Proteinlerin lokalizasyonu ve dağıtım onların hücresel fonksiyonları anlamak için önemli bilgiler sağlar. Elektron mikroskobu üstün çözünürlük uzaysal (EM), belirli bir antijen aşağıdaki immünohistokimya hücre içi lokalizasyonu belirlemek için kullanılabilir. Sürdürmek antijenite EM araştırmalarda özellikle zor olmuştur süre yapısal bütünlüğünü koruyarak merkezi sinir sistemi (MSS), dokular için. Burada, çalışma MSS yapılar ve antijenleri korumak ve sıçan hipokampal CA1 piramidal nöronlarda sinaptik proteinleri karakterize etmek için kullanılan bir yöntemle kabul.

Abstract

Immunoelectron mikroskopi Subselüler düzeyde biyolojik moleküllerin okumak için güçlü bir araçtır. Gibi kolloidal altın gibi elektron-yoğun işaretleri birleştiğinde antikorlar çeşitli dokularda 1 spesifik antijenlerin lokalizasyonu ve dağılımı ortaya çıkarabilir. İki en yaygın olarak kullanılan teknikler öncesi ve sonrası gömme gömme teknikleri vardır. Ön gömme İmmünogold-elektron mikroskobu (EM) teknikleri, doku içine gömülü önce antikor penetrasyonu izin permeabilize gerekir. Bu teknikler yapılar fakat antikorun kötü penetrasyon (genellikle sadece ilk birkaç mikrometre) bir önemli dezavantajı, 2 'dir korumak için idealdir.
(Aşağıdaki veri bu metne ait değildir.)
(* Define the pre-sum $A\boxplus B$ of two triangles $A=A_1A_2A_3$, $B=B_1B_2B_3$ in the real projective plane as follows. If $A$ and $B$ are perspective from a point $S$ (the lines $A_iB_i$ all pass through $S$), then $A\boxplus B=C_1C_2C_3$ where, for every permutation $(i,j,k)$ of $(1,2,3)$, $P_{ij}=A_iA_k\cap B_jB_k$ and $C_k=P_{ik}P_{ki}\cap P_{jk}P_{kj}$. If $A$ and $B$ are perspective from a line $s$ (the points $A_kA_j\cap B_kB_j$ all lie on $s$), then $A\boxplus B=C_1C_2C_3$ with $C_k=A_iB_j\cap A_jB_i$ for every permutation $(i,j,k)$. Then, whenever the constructions involved are well defined (general position): (1) $A\boxplus B=B\boxplus A$; (2) if $A\boxplus B=C$, then $A\boxplus C=B$ and $B\boxplus C=A$. *)

theory Defs
  imports "HOL-Analysis.Analysis" "HOL-Analysis.Cross3"
begin

text \<open>Real projective plane in homogeneous coordinates: points and lines are
nonzero vectors of real^3 up to scaling; incidence is the dot product;
the join of two points and the meet of two lines are cross products
(a zero result signals that the construction is not defined).
A triangle is a matrix whose rows A$1, A$2, A$3 are its vertices.\<close>

definition proj_eq :: "real^3 \<Rightarrow> real^3 \<Rightarrow> bool" where
  "proj_eq p q \<longleftrightarrow> p \<noteq> 0 \<and> q \<noteq> 0 \<and> cross3 p q = 0"

definition join :: "real^3 \<Rightarrow> real^3 \<Rightarrow> real^3" where
  "join p q = cross3 p q"

definition meet :: "real^3 \<Rightarrow> real^3 \<Rightarrow> real^3" where
  "meet l m = cross3 l m"

definition incident :: "real^3 \<Rightarrow> real^3 \<Rightarrow> bool" where
  "incident p l \<longleftrightarrow> inner p l = 0"

definition triangle :: "real^3^3 \<Rightarrow> bool" where
  "triangle A \<longleftrightarrow> det A \<noteq> 0"

definition tri_eq :: "real^3^3 \<Rightarrow> real^3^3 \<Rightarrow> bool" where
  "tri_eq C D \<longleftrightarrow> (\<forall>k. proj_eq (C$k) (D$k))"

definition persp_point :: "real^3^3 \<Rightarrow> real^3^3 \<Rightarrow> bool" where
  "persp_point A B \<longleftrightarrow> (\<exists>S. S \<noteq> 0 \<and>
     (\<forall>i. join (A$i) (B$i) \<noteq> 0 \<and> incident S (join (A$i) (B$i))))"

definition persp_line :: "real^3^3 \<Rightarrow> real^3^3 \<Rightarrow> bool" where
  "persp_line A B \<longleftrightarrow> (\<exists>s. s \<noteq> 0 \<and>
     (\<forall>j k. j \<noteq> k \<longrightarrow>
        meet (join (A$k) (A$j)) (join (B$k) (B$j)) \<noteq> 0 \<and>
        incident (meet (join (A$k) (A$j)) (join (B$k) (B$j))) s))"

definition Ppt :: "real^3^3 \<Rightarrow> real^3^3 \<Rightarrow> 3 \<Rightarrow> 3 \<Rightarrow> 3 \<Rightarrow> real^3" where
  "Ppt A B i j k = meet (join (A$i) (A$k)) (join (B$j) (B$k))"

text \<open>Pre-sum, point-perspective case: C_k = P_ik P_ki \<inter> P_jk P_kj
  (with P_ik = Ppt A B i k j etc.), for every permutation (i,j,k);
  equality of C_k with the construction is projective equality, which
  also requires the construction to be well defined (nonzero).\<close>
definition presum_point :: "real^3^3 \<Rightarrow> real^3^3 \<Rightarrow> real^3^3 \<Rightarrow> bool" where
  "presum_point A B C \<longleftrightarrow> triangle A \<and> triangle B \<and> persp_point A B \<and>
     (\<forall>i j k. i \<noteq> j \<and> j \<noteq> k \<and> i \<noteq> k \<longrightarrow>
        proj_eq (C$k)
          (meet (join (Ppt A B i k j) (Ppt A B k i j))
                (join (Ppt A B j k i) (Ppt A B k j i))))"

definition presum_line :: "real^3^3 \<Rightarrow> real^3^3 \<Rightarrow> real^3^3 \<Rightarrow> bool" where
  "presum_line A B C \<longleftrightarrow> triangle A \<and> triangle B \<and> persp_line A B \<and>
     (\<forall>i j k. i \<noteq> j \<and> j \<noteq> k \<and> i \<noteq> k \<longrightarrow>
        proj_eq (C$k) (meet (join (A$i) (B$j)) (join (A$j) (B$i))))"

end

theory Submission
  imports Defs
begin

text \<open>Commutativity holds because both constructions are symmetric in \<open>A\<close> and \<open>B\<close> up to the
  sign of homogeneous coordinates. For cancellation in the point case, the line \<open>P\<^sub>j\<^sub>kP\<^sub>k\<^sub>j\<close>
  carries both \<open>C\<^sub>j\<close> and \<open>C\<^sub>k\<close>, so for the pair \<open>(A, C)\<close> the auxiliary point
  \<open>A\<^sub>iA\<^sub>k \<inter> C\<^sub>jC\<^sub>k\<close> is \<open>P\<^sub>k\<^sub>j\<close>. The \<open>k\<close>-th vertex of \<open>A \<boxplus> C\<close> is therefore the meet of
  \<open>P\<^sub>j\<^sub>kP\<^sub>j\<^sub>i\<close> and \<open>P\<^sub>i\<^sub>kP\<^sub>i\<^sub>j\<close>, which are the lines \<open>B\<^sub>kB\<^sub>i\<close> and \<open>B\<^sub>kB\<^sub>j\<close>; so it is \<open>B\<^sub>k\<close>.
  In the line case \<open>C\<^sub>j\<close> lies on \<open>A\<^sub>iB\<^sub>k\<close> and \<open>C\<^sub>i\<close> on \<open>A\<^sub>jB\<^sub>k\<close>, so \<open>A\<^sub>iC\<^sub>j \<inter> A\<^sub>jC\<^sub>i = B\<^sub>k\<close>.
  The third law follows from the second by commutativity.\<close>

lemma proj_eq_iff_scaleR:
  "proj_eq p q \<longleftrightarrow> q \<noteq> 0 \<and> (\<exists>c. c \<noteq> 0 \<and> p = c *\<^sub>R q)"
proof
  assume "proj_eq p q"
  then have "collinear {0, q, p}" and "q \<noteq> 0" and "p \<noteq> 0"
    using cross_eq_0[of q p] cross_skew[of p q] unfolding proj_eq_def by auto
  then obtain c where "p = c *\<^sub>R q"
    unfolding collinear_lemma by auto
  with \<open>q \<noteq> 0\<close> \<open>p \<noteq> 0\<close> show "q \<noteq> 0 \<and> (\<exists>c. c \<noteq> 0 \<and> p = c *\<^sub>R q)" by auto
next
  assume "q \<noteq> 0 \<and> (\<exists>c. c \<noteq> 0 \<and> p = c *\<^sub>R q)"
  then show "proj_eq p q"
    unfolding proj_eq_def by (auto simp: cross_mult_left)
qed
Antijenleri daha kolay erişilebilir yerlerde etiketleme sabit dokuların bölümlerinde yer alır, çünkü post-gömme etiketleme yöntemleri bu sorunu önleyebilirsiniz. Yıllar boyunca, bir sayı değiştirme immunoreaktivitesi geliştirmek ve ultrastrüktürel korumak için post-gömme yöntemleri geliştirdik

Doku fiksasyonu EM çalışmalarının önemli bir parçasıdır. Fiksatifler kimyasal yerinde dokuları kilitlemek için makromoleküller çapraz bağlar. Sabitleştirici seçimi yapısal koruma, aynı zamanda antijenite ve kontrast sadece etkiler. Osmium tetroksit (Oso 4), formaldehid ve glutaraldehid merkezi sinir sistemi (MSS) fiziksel ve kimyasal işleme sırasında yapısal hasar özellikle yatkındır dokular dahil olmak üzere, yıllardır standart fiksatif olmuştur. Ne yazık ki, 4 Oso yüksek bir reaktiviteye sahip olduğu ve zayıf ve yetersiz etiketleme ile sonuçlanan, antijenler 6 maskelemek için gösterilmiştir. Kimyasal sabitleme önlemek için alternatif yaklaşımlar dokuların donma içerir. Ancak bu teknikleri pahalı enstrümantasyon gerçekleştirmek ve ihtiyaç zordur. Bu sorunların bazıları ele almak ve CNS doku etiketleme, Phend ark geliştirmek. uranil asetat (UA) ve tannik aci ile Oso 4 değiştirilird (TA) ve başarıyla antijen saptama ve beyin ve omurilik dokularının 7 yapısal koruma duyarlılığı artırmak için ek modifikasyon tanıttı. Biz sıçan beyin dokusu için bu osmiyum-ücretsiz post-gömme yöntemi benimsemiş ve sinaptik proteinleri tespit etmek ve incelemek için İmmünogold etiketleme tekniği optimize ettik.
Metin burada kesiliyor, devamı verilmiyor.